What advantages do middle class and affluent students have? How can schools deliver some of those advantages to students living in poverty?
The advantages include exposure to a wider world. So the solution is take students on field trips. Lots of field trips.
The advantages include a stable study time and space. So the solution is to make an after-school supported homework and study opportunity.
The advantages include good nutrition and healthcare. So the solution includes breakfast and lunch and a health clinic at the school.
The advantages often include adults who express the high value they put on education. So the solution includes a strong academic culture within the school.
We can't do everything at the school, but if we consider the need and make an intentional effort to address it, we can go a long way to closing that opportunity gap.
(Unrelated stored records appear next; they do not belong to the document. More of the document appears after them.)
(* Let $X$ be a complete nonsingular toric variety which is Fano and all of whose toric subvarieties are Fano, with fan $\Delta$. Let $\langle\rho'_1,\ldots,\rho'_k\rangle$ be a cone of $\Delta$ and let $w=a_1\rho'_1+\cdots+a_k\rho'_k$ with integers $a_i\ge1$ for each $i$ and $a_1\ge2$. If $\{\rho_1,\ldots,\rho_j\}$ is any linearly independent set of ray generators of $\Delta$, then $\rho_1+\cdots+\rho_j\neq w$.
   Context: Ray generators are the primitive lattice generators of the rays of $\Delta$. *)

theory Defs
  imports "HOL-Analysis.Analysis"
begin

text \<open>Lattice N = Z^n inside N_R = R^n, with n = CARD('n).
  A fan is represented by the set of its cones, each (simplicial, since the fan
  is smooth) cone being given by the finite set of its ray generators.\<close>

definition lattice_pt :: "real^'n \<Rightarrow> bool" where
  "lattice_pt x \<longleftrightarrow> (\<forall>i. x $ i \<in> \<int>)"

definition pos_hull :: "(real^'n) set \<Rightarrow> (real^'n) set" where
  "pos_hull S = {y. \<exists>c. (\<forall>x\<in>S. c x \<ge> 0) \<and> y = (\<Sum>x\<in>S. c x *\<^sub>R x)}"

definition int_span :: "(real^'n) set \<Rightarrow> (real^'n) set" where
  "int_span S = {y. \<exists>c. (\<forall>x\<in>S. c x \<in> \<int>) \<and> y = (\<Sum>x\<in>S. c x *\<^sub>R x)}"

definition lattice_basis :: "(real^'n) set \<Rightarrow> bool" where
  "lattice_basis B \<longleftrightarrow> finite B \<and> independent B \<and> card B = CARD('n)
      \<and> int_span B = {x. lattice_pt x}"

definition complete_smooth_fan :: "(real^'n) set set \<Rightarrow> bool" where
  "complete_smooth_fan \<Delta> \<longleftrightarrow>
     finite \<Delta> \<and> \<Delta> \<noteq> {} \<and>
     (\<forall>\<sigma>\<in>\<Delta>. \<exists>B. lattice_basis B \<and> \<sigma> \<subseteq> B) \<and>
     (\<forall>\<sigma>\<in>\<Delta>. \<forall>\<tau>. \<tau> \<subseteq> \<sigma> \<longrightarrow> \<tau> \<in> \<Delta>) \<and>
     (\<forall>\<sigma>\<in>\<Delta>. \<forall>\<sigma>'\<in>\<Delta>. pos_hull \<sigma> \<inter> pos_hull \<sigma>' = pos_hull (\<sigma> \<inter> \<sigma>')) \<and>
     (\<Union>\<sigma>\<in>\<Delta>. pos_hull \<sigma>) = UNIV"

definition ray_gens :: "(real^'n) set set \<Rightarrow> (real^'n) set" where
  "ray_gens \<Delta> = {\<rho>. {\<rho>} \<in> \<Delta>}"

definition maximal_cone :: "(real^'n) set set \<Rightarrow> (real^'n) set \<Rightarrow> bool" where
  "maximal_cone \<Delta> \<sigma> \<longleftrightarrow> \<sigma> \<in> \<Delta> \<and> \<not> (\<exists>\<sigma>'\<in>\<Delta>. \<sigma> \<subset> \<sigma>')"

text \<open>The torus-invariant subvariety V(tau) of the smooth complete toric variety of the
  fan has fan Star(tau) in N/N_tau.  It is Fano iff the anticanonical support function
  is strictly convex: for each maximal cone sigma containing tau there is a linear
  functional u on N/N_tau (i.e. u vanishing on tau) equal to 1 on the generators of
  sigma not in tau and < 1 on all other ray generators of Star(tau).
  For tau = {} this is the Fano condition for X itself.\<close>
definition fano_orbit_closure :: "(real^'n) set set \<Rightarrow> (real^'n) set \<Rightarrow> bool" where
  "fano_orbit_closure \<Delta> \<tau> \<longleftrightarrow>
     (\<forall>\<sigma>. maximal_cone \<Delta> \<sigma> \<and> \<tau> \<subseteq> \<sigma> \<longrightarrow>
        (\<exists>u::real^'n. (\<forall>\<rho>\<in>\<tau>. u \<bullet> \<rho> = 0) \<and> (\<forall>\<rho>\<in>\<sigma> - \<tau>. u \<bullet> \<rho> = 1) \<and>
           (\<forall>\<rho>. \<rho> \<notin> \<sigma> \<and> insert \<rho> \<tau> \<in> \<Delta> \<longrightarrow> u \<bullet> \<rho> < 1)))"

end

theory Submission
  imports Defs
begin

(* Fix a maximal cone sigma containing the given cone; it is a lattice basis. Applying the Fano
   condition for the orbit closures V(tau) inductively, crossing one wall of sigma at a time, one
   finds that for every face tau of sigma the sigma-coordinates of a ray generator outside tau
   sum to at most 1. So a ray generator has at most one positive sigma-coordinate, and it equals
   1. If rho_1 + ... + rho_j = w, the sum has nonnegative sigma-coordinates, so the rho_i lie in
   the span of the coordinates at which some rho_i is positive; by independence each of these
   coordinates is positive for exactly one rho_i. Hence every sigma-coordinate of the sum is at
   most 1, whereas that of w at rho'_1 is a_1 >= 2. *)

lemma lattice_basisD:
  fixes B :: "(real^'n) set"
  assumes "lattice_basis B"
  shows "finite B" "independent B" "card B = CARD('n)" "span B = UNIV"
    and "int_span B = {x. lattice_pt x}"
proof -
  show "finite B" "independent B" "card B = CARD('n)" "int_span B = {x. lattice_pt x}"
    using assms unfolding lattice_basis_def by auto
  then show "span B = UNIV"
    using card_ge_dim_independent[of B UNIV] by (auto simp: dim_UNIV)
qed

lemma representation_sum_scaleR:
  fixes B :: "'a::real_vector set"
  assumes "independent B" "finite A" "A \<subseteq> B"
  shows "representation B (\<Sum>x\<in>A. c x *\<^sub>R x) b = (if b \<in> A then c b else 0)"
proof -
  have span: "x \<in> span B" if "x \<in> A" for x
    using that assms(3) by (auto intro: real_vector.span_base)
  have "representation B (\<Sum>x\<in>A. c x *\<^sub>R x) b = (\<Sum>x\<in>A. c x * representation B x b)"
    using assms(1) span by (simp add: real_vector.representation_sum real_vector.representation_scale
        real_vector.span_scale)
  also have "\<dots> = (\<Sum>x\<in>A. if b = x then c x else 0)"
    using assms by (intro sum.cong) (auto simp: real_vector.representation_basis)
  finally show ?thesis
    using assms(2) by simp
qed

lemma linear_representation_coord:
  fixes B :: "'a::real_vector set"
  assumes "independent B" "span B = UNIV"
  shows "linear (\<lambda>x. representation B x b)"
  using real_vector.linear_representation[OF assms, of b]
  by (simp add: linear_def real_scaleR_def[abs_def])

lemma lattice_basis_lattice_pt:
  assumes "lattice_basis B" "b \<in> B"
  shows "lattice_pt b"
proof -
  have "(\<Sum>x\<in>B. (if x = b then 1 else 0) *\<^sub>R x) = (\<Sum>x\<in>B. if x = b then x else 0)"
    by (rule sum.cong) auto
  also have "\<dots> = b"
    using assms lattice_basisD(1)[OF assms(1)] by simp
  finally have "b = (\<Sum>x\<in>B. (if x = b then 1 else 0) *\<^sub>R x)" ..
  then have "b \<in> int_span B"
    unfolding int_span_def by (intro CollectI exI[of _ "\<lambda>x. if x = b then 1 else 0"]) auto
  then show ?thesis
    using lattice_basisD(5)[OF assms(1)] by auto
qed

lemma lattice_basis_representation_Ints:
  assumes "lattice_basis B" "lattice_pt x"
  shows "representation B x b \<in> \<int>"
proof -
  obtain c where "\<forall>y\<in>B. c y \<in> \<int>" "x = (\<Sum>y\<in>B. c y *\<^sub>R y)"
    using assms lattice_basisD(5)[OF assms(1)] unfolding int_span_def by auto
  then show ?thesis
    using lattice_basisD[OF assms(1)] by (simp add: representation_sum_scaleR)
qed

lemma lattice_basis_exchange_coeff:
  fixes B :: "(real^'n) set"
  assumes B: "lattice_basis B" and B': "lattice_basis B'"
    and t: "t \<in> B" and "B - {t} \<subseteq> B'" and g: "g \<in> B'" "g \<notin> B"
  shows "\<bar>representation B g t\<bar> = 1"
proof -
  note LB = lattice_basisD[OF B] and LB' = lattice_basisD[OF B']
  have "card (insert g (B - {t})) = card B'"
    using LB(1,3) LB'(3) t g by (simp add: card_Diff_singleton)
  then have B'_eq: "B' = insert g (B - {t})"
    using LB'(1) assms(4) g by (intro card_subset_eq[symmetric]) auto
  obtain m where m: "\<forall>y\<in>B'. m y \<in> \<int>" "t = (\<Sum>y\<in>B'. m y *\<^sub>R y)"
    using lattice_basis_lattice_pt[OF B t] LB'(5) unfolding int_span_def by auto
  have "1 = representation B t t"
    using LB t by (simp add: real_vector.representation_basis)
  also have "\<dots> = (\<Sum>y\<in>B'. m y * representation B y t)"
    by (subst m(2)) (simp add: LB real_vector.representation_sum real_vector.representation_scale)
  also have "\<dots> = m g * representation B g t"
    using LB g t by (simp add: B'_eq real_vector.representation_basis) (rule sum.neutral, auto)
  finally have prod: "\<bar>m g\<bar> * \<bar>representation B g t\<bar> = 1"
    by (metis abs_mult abs_one)
  have "1 \<le> \<bar>m g\<bar>" "1 \<le> \<bar>representation B g t\<bar>"
    using m(1) g lattice_basis_representation_Ints[OF B lattice_basis_lattice_pt[OF B' g(1)]] prod
    by (auto intro!: Ints_nonzero_abs_ge1)
  then show ?thesis
    using prod mult_right_mono[of 1 "\<bar>m g\<bar>" "\<bar>representation B g t\<bar>"] by simp
qed

lemma sum_in_pos_hull: "(\<Sum>x\<in>A. x) \<in> pos_hull A"
  unfolding pos_hull_def by (auto intro!: exI[of _ "\<lambda>_. 1"])

lemma pos_hull_subset_span: "pos_hull A \<subseteq> span A"
  unfolding pos_hull_def
  by (auto intro!: real_vector.span_sum intro: real_vector.span_scale real_vector.span_base)

lemma pos_hull_mono:
  assumes "A \<subseteq> B" "finite B"
  shows "pos_hull A \<subseteq> pos_hull B"
proof
  fix y assume "y \<in> pos_hull A"
  then obtain c where c: "\<forall>x\<in>A. 0 \<le> c x" "y = (\<Sum>x\<in>A. c x *\<^sub>R x)"
    unfolding pos_hull_def by auto
  let ?c = "\<lambda>x. if x \<in> A then c x else 0"
  have "y = (\<Sum>x\<in>B. ?c x *\<^sub>R x)"
    unfolding c(2) using assms by (intro sum.mono_neutral_cong_left) auto
  then show "y \<in> pos_hull B"
    unfolding pos_hull_def using c(1) by (intro CollectI exI[of _ ?c]) auto
qed

lemma pos_hull_eq_representation:
  fixes B :: "(real^'n) set"
  assumes B: "finite B" "independent B" "span B = UNIV" and "A \<subseteq> B"
  shows "pos_hull A =
    {x. \<forall>b\<in>B. 0 \<le> representation B x b \<and> (b \<notin> A \<longrightarrow> representation B x b = 0)}"
proof (intro set_eqI iffI)
  fix x assume "x \<in> pos_hull A"
  then obtain c where "\<forall>y\<in>A. 0 \<le> c y" "x = (\<Sum>y\<in>A. c y *\<^sub>R y)"
    unfolding pos_hull_def by auto
  moreover have "finite A"
    using assms finite_subset by blast
  ultimately show "x \<in> {x. \<forall>b\<in>B. 0 \<le> representation B x b \<and> (b \<notin> A \<longrightarrow> representation B x b = 0)}"
    using assms by (auto simp: representation_sum_scaleR)
next
  fix x assume x: "x \<in> {x. \<forall>b\<in>B. 0 \<le> representation B x b \<and> (b \<notin> A \<longrightarrow> representation B x b = 0)}"
  have "x = (\<Sum>b\<in>B. representation B x b *\<^sub>R b)"
    using B by (simp add: real_vector.sum_representation_eq)
  also have "\<dots> = (\<Sum>b\<in>A. representation B x b *\<^sub>R b)"
    using assms x by (intro sum.mono_neutral_right) auto
  finally show "x \<in> pos_hull A"
    unfolding pos_hull_def using x assms(4) by auto
qed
The root issue is about scalability and sustainability. A good school in a poor neighborhood is a wonderful thing; the mistake is to think that there's a formula in it that can be systematically applied to produce similar results system- or district-wide.
This is the fundamental flaw in the post-NCLB reformers' mindset--to think that such successes can be engineered top down, system wide using technocratic methods. This almost always creates a disaster.
As in any profession, best practices, effective innovations, and successes of any kind need to be studied and shared, but they also need to be left to particular educational communities to adapt to their particular circumstances.
Sustainable solutions are grown; they are not engineered. Complex human cultural problems are never sustainably solved by technocratic methods. Bottom up methods do not insure success, but they have a better chance of it if the right people are in place to effect it.
A school is an evolving human drama, not a bloodless machine.The challenge is always at root a human one. Everything depends on the humans--the principal, the teachers, the kids, their parents--their strengths and weaknesses, their dreams and fears. There are no formulas to manage that, just people whose practical wisdom and good sense in the end is the only resource that can determine whether a difference is possible.
The question of scalability is moot. Systemwide problems ultimately are solved one school at a time with the right people in place to grow particular, sustainably effective learning communities.
Some will always rise above their situation in life - but some can only rise up with a hand.
Maybe someday Mr. Gates will eschew data for real life. Then, and only then, might he help create real change.
Bill Gates is completely divorced from the reality of lower and middle class life and quite honestly is full of #*it - making up with ideology what he doesn't understand or agree with or that doesn't fit his worldview. I'd love to see him do a day in the life of one of my students or their families.